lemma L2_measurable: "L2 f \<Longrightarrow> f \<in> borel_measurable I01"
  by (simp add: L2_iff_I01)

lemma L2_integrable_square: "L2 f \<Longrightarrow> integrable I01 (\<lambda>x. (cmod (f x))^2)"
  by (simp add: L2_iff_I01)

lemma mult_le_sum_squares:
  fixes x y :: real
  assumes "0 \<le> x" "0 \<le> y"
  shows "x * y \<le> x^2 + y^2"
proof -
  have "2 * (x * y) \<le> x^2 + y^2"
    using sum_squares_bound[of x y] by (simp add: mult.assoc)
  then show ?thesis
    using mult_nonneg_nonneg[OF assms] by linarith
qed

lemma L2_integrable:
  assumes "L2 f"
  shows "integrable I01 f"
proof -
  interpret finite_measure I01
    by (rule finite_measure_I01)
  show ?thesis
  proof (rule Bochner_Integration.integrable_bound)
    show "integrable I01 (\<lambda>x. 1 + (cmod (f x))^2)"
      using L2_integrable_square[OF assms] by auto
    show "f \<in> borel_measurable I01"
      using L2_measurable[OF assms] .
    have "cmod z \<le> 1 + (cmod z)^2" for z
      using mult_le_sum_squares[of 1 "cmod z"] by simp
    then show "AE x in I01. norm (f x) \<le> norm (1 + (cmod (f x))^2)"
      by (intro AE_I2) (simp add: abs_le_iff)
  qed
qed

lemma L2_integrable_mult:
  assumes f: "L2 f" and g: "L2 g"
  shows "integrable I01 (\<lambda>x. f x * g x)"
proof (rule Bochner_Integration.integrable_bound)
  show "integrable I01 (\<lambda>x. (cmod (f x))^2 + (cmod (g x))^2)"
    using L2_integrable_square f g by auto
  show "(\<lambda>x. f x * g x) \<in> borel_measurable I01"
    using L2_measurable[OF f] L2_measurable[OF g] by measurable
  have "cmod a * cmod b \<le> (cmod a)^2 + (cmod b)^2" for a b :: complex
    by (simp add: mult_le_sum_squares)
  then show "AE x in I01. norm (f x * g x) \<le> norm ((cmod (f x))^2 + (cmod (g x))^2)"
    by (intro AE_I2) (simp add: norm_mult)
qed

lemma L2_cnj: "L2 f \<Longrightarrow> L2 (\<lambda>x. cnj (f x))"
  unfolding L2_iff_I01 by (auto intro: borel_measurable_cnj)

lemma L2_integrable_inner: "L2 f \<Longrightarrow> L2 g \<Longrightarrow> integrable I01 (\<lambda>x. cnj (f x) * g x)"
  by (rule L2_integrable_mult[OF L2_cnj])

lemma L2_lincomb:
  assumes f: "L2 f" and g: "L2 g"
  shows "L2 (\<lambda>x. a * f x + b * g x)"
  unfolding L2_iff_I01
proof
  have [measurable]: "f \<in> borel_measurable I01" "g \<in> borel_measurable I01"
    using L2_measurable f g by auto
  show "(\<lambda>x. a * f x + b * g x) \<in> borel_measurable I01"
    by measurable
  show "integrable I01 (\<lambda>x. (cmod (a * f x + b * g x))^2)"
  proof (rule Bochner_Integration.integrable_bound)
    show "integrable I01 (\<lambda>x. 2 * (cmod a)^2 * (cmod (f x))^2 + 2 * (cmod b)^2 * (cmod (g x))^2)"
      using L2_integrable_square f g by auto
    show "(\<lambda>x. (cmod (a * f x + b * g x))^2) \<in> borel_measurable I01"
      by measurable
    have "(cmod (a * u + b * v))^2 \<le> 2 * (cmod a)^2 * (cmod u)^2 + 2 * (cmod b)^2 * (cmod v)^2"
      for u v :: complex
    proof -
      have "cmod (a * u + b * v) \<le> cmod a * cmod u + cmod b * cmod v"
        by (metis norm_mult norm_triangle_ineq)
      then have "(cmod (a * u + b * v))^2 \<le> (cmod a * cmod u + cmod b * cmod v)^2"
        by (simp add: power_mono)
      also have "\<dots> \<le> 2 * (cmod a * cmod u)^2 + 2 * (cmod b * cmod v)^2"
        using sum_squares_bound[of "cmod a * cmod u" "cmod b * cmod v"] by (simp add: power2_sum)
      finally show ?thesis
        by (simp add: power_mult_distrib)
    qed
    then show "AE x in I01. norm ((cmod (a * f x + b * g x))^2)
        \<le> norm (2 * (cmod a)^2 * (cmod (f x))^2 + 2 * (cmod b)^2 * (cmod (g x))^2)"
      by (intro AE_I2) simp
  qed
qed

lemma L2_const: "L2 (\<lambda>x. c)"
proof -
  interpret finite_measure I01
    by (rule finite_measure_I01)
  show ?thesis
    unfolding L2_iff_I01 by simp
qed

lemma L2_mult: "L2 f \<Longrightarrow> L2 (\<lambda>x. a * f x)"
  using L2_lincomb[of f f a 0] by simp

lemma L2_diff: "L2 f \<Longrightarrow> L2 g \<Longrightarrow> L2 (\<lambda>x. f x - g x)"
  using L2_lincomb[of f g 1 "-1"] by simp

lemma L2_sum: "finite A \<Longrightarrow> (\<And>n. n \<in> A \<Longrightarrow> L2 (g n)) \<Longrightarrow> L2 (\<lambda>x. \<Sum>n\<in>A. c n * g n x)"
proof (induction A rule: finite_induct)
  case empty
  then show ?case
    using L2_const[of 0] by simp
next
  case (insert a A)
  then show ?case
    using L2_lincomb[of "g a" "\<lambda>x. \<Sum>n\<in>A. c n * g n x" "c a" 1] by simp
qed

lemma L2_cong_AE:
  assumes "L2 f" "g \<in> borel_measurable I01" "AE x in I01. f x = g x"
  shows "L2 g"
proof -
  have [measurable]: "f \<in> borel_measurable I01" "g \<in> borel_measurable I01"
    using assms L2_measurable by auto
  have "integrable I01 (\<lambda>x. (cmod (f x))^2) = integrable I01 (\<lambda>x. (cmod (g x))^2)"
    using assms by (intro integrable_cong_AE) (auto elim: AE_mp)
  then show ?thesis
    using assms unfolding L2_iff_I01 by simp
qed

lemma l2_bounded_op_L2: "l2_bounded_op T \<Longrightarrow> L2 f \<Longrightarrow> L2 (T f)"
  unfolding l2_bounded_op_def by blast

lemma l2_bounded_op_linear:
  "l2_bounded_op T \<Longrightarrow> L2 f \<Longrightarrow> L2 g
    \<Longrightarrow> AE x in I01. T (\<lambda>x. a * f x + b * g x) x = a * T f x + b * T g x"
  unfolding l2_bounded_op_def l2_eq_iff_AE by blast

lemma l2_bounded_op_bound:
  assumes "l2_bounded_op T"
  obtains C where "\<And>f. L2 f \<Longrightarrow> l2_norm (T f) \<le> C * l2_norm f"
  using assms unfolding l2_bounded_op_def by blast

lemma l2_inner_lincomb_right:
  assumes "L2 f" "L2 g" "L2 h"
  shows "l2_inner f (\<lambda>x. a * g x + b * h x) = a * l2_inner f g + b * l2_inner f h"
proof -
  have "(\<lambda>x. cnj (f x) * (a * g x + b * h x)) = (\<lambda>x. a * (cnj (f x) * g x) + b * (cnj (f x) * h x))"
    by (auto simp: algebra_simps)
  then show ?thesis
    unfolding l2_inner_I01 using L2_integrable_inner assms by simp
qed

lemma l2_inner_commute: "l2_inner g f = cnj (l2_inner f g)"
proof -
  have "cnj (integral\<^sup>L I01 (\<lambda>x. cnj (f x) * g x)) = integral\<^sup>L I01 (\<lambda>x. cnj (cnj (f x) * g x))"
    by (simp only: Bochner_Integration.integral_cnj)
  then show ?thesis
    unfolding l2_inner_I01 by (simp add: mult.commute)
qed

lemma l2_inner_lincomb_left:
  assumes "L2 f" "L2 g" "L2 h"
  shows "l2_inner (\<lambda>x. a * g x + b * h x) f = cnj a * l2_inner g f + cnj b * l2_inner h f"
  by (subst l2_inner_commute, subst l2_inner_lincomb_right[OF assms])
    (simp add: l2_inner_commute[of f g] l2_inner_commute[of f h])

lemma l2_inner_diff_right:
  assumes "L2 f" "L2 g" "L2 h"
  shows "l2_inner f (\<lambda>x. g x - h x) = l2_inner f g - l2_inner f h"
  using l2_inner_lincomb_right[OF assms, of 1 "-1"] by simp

——

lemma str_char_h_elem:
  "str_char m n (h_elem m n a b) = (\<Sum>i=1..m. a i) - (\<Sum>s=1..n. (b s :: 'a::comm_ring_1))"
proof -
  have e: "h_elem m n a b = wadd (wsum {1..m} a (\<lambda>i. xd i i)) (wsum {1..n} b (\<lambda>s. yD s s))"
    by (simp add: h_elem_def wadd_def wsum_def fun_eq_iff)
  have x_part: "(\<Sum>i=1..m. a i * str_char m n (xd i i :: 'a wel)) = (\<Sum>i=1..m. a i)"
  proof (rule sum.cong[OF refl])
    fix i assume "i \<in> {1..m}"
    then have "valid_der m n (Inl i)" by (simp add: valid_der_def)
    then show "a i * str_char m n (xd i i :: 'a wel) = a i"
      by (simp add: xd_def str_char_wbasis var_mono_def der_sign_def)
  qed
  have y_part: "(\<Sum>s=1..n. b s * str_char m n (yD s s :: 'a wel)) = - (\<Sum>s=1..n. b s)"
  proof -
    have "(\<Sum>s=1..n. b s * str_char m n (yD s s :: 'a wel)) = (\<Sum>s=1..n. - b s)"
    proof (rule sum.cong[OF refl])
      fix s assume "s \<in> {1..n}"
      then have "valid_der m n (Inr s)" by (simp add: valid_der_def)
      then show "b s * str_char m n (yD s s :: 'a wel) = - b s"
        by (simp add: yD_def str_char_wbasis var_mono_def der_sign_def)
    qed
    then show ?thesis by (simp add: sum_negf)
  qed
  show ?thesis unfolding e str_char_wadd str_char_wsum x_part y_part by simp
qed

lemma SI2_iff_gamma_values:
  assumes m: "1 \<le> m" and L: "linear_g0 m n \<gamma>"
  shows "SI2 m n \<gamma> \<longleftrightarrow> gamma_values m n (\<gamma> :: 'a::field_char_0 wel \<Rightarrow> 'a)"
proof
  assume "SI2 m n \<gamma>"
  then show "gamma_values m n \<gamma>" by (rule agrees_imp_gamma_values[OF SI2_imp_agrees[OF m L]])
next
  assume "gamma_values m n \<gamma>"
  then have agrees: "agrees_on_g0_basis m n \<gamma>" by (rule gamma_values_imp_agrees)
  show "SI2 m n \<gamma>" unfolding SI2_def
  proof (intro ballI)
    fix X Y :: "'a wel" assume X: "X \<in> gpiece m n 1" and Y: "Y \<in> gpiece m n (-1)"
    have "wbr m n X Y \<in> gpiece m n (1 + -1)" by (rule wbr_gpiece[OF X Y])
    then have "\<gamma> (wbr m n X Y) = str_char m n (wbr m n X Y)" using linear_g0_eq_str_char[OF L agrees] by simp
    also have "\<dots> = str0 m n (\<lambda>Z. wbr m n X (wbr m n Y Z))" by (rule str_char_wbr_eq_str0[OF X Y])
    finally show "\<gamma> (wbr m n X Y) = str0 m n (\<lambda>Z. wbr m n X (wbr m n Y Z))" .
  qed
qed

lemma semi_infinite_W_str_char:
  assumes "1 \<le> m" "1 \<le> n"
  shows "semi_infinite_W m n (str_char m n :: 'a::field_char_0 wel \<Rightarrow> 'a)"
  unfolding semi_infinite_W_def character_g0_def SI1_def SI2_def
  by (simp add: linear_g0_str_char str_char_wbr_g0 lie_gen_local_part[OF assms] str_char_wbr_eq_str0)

——

All lines of the data that hold "complex" need to be copied.

Exercise solution
  have "cmod a * cmod b \<le> (cmod a)^2 + (cmod b)^2" for a b :: complex
      for u v :: complex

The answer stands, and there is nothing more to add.